I … detect another element in the shame which I had in being caught
looking at myself in the glass in the hall. I must have been ashamed
or afraid of my own body. Another memory, also of the hall, may help
to explain this. There was a slab outside the dining room door for
standing dishes upon. Once when I was very small Gerald Duckworth
lifted me onto this, and as I sat there he began to explore my body.

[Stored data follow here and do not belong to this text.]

text \<open>The Kronecker product F of Fourier matrices is the character table of the
  abelian group \<open>Z_{a^k1} \<times> \<dots> \<times> Z_{a^ks}\<close>. For any such table the defect space has an explicit
  basis, one matrix \<open>i (cas_k \<otimes> cas_e) \<circ> F\<close> for each entry \<open>F_ek = 1\<close>, where \<open>cas = Re + Im\<close> is the
  Hartley kernel; orthogonality of characters makes these independent and shows that the
  coefficients of any element along entries \<open>F_ek \<noteq> 1\<close> vanish. So \<open>D(F)\<close> is the number of ones.
  Since all entries are \<open>a^K\<close>-th roots of unity (\<open>K = max k\<close>), averaging \<open>F_ek^t\<close> over \<open>t < a^K\<close>
  counts them: \<open>D(F) a^K = N \<Sum>_{t<a^K} \<Prod>_x gcd(a^k_x, t)\<close>. Splitting \<open>t\<close> according to whether
  \<open>a\<close> divides it gives a recursion in \<open>K\<close>, from which both divisibility properties follow by
  induction.\<close>

section \<open>Character tables\<close>

definition zeta :: "nat \<Rightarrow> complex" where
  "zeta n = exp (2 * pi * \<i> / of_nat n)"

lemma zeta_power: "zeta n ^ m = exp (2 * pi * \<i> * of_nat m / of_nat n)"
  unfolding zeta_def by (simp add: exp_of_nat_mult[symmetric] mult_ac)

lemma zeta_power_eq_1_iff: "n > 0 \<Longrightarrow> zeta n ^ m = 1 \<longleftrightarrow> n dvd m"
  using complex_root_unity_eq_1[of n m] by (simp add: zeta_power)

lemma zeta_power_eq_iff: "n > 0 \<Longrightarrow> zeta n ^ i = zeta n ^ j \<longleftrightarrow> i mod n = j mod n"
  using complex_root_unity_eq[of n i j] by (simp add: zeta_power)

lemma fourier_eq_zeta_power: "fourier n i j = zeta n ^ (i * j)"
  unfolding fourier_def zeta_power ..

lemma norm_zeta: "norm (zeta n) = 1"
  unfolding zeta_def by (simp add: norm_exp_eq_Re)

lemma zeta_mult_cnj: "zeta n * cnj (zeta n) = 1"
  using complex_norm_square[of "zeta n"] by (simp add: norm_zeta)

I can remember the feel of his hand going under my clothes: going
firmly and steadily lower and lower. I remember how I hoped that he
would stop; how I stiffened and wriggled as his hand approached my
private parts. But it did not stop. His hand explored my private
parts too. I remember resenting, disliking it - what was the word
for so dumb and mixed a feeling? It must have been strong, since I
still recall it. This seems to show that a feeling about certain
parts of the body; how they must not be touched; how it is wrong to
allow them to be touched; must be instinctive.8
Questions
-
How does
the context of this extract (part of an autobiography which as
far as we know, only Leonard read) affect our understanding of
it?
-
In this
extract, what interpretation does Woolf herself offer of what
happened to her, and of her reactions to it?
VI. Extract
from a letter to Ethel Smyth, 12 January 1941. Ethel Smyth was a
composer and musician, significantly older than Virginia Woolf, who
became Woolf's friend in the last decade of her life. Smyth
published several frank volumes of memoirs, and she and Woolf
discussed memoir-writing at length. This letter was written only a
couple of months before Woolf died.
But as
so much of life is sexual - or so they say - it rather limits
autobiography if this is blacked out. It must be, I suspect, for
many generations, for women; for its like breaking the hymen - if
thats [sic] the membrane's name - a painful operation, and I suppose
connected with all sorts of subterranean instincts. I still shiver
with shame at the memory of my half brother, standing me on a
ledge, aged about 6, and so exploring my private parts. Why should
I have felt shame then?9
Questions
-
How does
the context of this extract affect your reading of her
description of Gerald's actions?
-
What
interpretation of the event does Woolf offer in this extract?